== Segment start ==

text \<open>Since the middle component starts at order two, changing it by a term of order n + 1
  changes the first form only in order n + 1, not merely in order n.\<close>

lemma first_form_middle_perturb:
  assumes W: "in_O 2 W" and rho: "in_O (Suc n) \<rho>" and n: "1 \<le> n"
  shows "in_O3 (Suc n) (first_form (X, W + \<rho>, Z) - first_form (X, W, Z))"
proof -
  have "(X, W + \<rho>, Z) = (X, W, Z) + (0, \<rho>, 0)" by simp
  then have eq: "first_form (X, W + \<rho>, Z) - first_form (X, W, Z) =
      first_form_deriv (X, W, Z) (0, \<rho>, 0) + first_form (0, \<rho>, 0)"
    by (simp only: first_form_add) simp
  have Wu: "in_O 1 (Du W)" and Wv: "in_O 1 (Dv W)"
    using in_O_Du[of 1 W] in_O_Dv[of 1 W] W by (simp_all add: numeral_2_eq_2)
  have "in_O3 (Suc n) (first_form_deriv (X, W, Z) (0, \<rho>, 0))"
    using in_O_mult[OF Wu in_O_Du[OF rho]] in_O_mult[OF Wu in_O_Dv[OF rho]]
      in_O_mult[OF Wv in_O_Du[OF rho]] in_O_mult[OF Wv in_O_Dv[OF rho]]
    by (simp add: first_form_deriv_def in_O_add in_O_numeral_mult)
  moreover have "in_O3 (Suc n) (first_form (0, \<rho>, 0))"
    by (rule in_O3_mono[OF in_O3_first_form]) (use rho n in auto)
  ultimately show ?thesis
    unfolding eq by (rule in_O3_add)
qed

lemma first_form_perturb:
  assumes f: "in_O3 3 (f - f0)" and \<delta>: "in_O3 n \<delta>" and n: "3 \<le> n"
  shows "in_O3 (n + 1) (first_form (f + \<delta>) - first_form f - first_form_deriv f0 \<delta>)"
proof -
  have \<delta>': "in_O3 (Suc (n - 1)) \<delta>" using \<delta> n by simp
  have "first_form (f + \<delta>) - first_form f - first_form_deriv f0 \<delta> =
      first_form_deriv (f - f0) \<delta> + first_form \<delta>"
    by (simp add: first_form_add first_form_deriv_diff_left)
  moreover have "in_O3 (2 + (n - 1)) (first_form_deriv (f - f0) \<delta>)"
    by (rule in_O3_first_form_deriv[OF _ \<delta>']) (use f in \<open>simp add: numeral_3_eq_3\<close>)
  moreover have "in_O3 ((n - 1) + (n - 1)) (first_form \<delta>)"
    by (rule in_O3_first_form[OF \<delta>'])
  moreover have "2 + (n - 1) = n + 1" "n + 1 \<le> (n - 1) + (n - 1)" using n by auto
  ultimately show ?thesis by (metis in_O3_add in_O3_mono order_refl)
qed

== Segment end ==

[YOUR TASK]: Take from the listing every line in which the word "assumes" appears.

[ANSWER SPACE]:
  assumes W: "in_O 2 W" and rho: "in_O (Suc n) \<rho>" and n: "1 \<le> n"
  assumes f: "in_O3 3 (f - f0)" and \<delta>: "in_O3 n \<delta>" and n: "3 \<le> n"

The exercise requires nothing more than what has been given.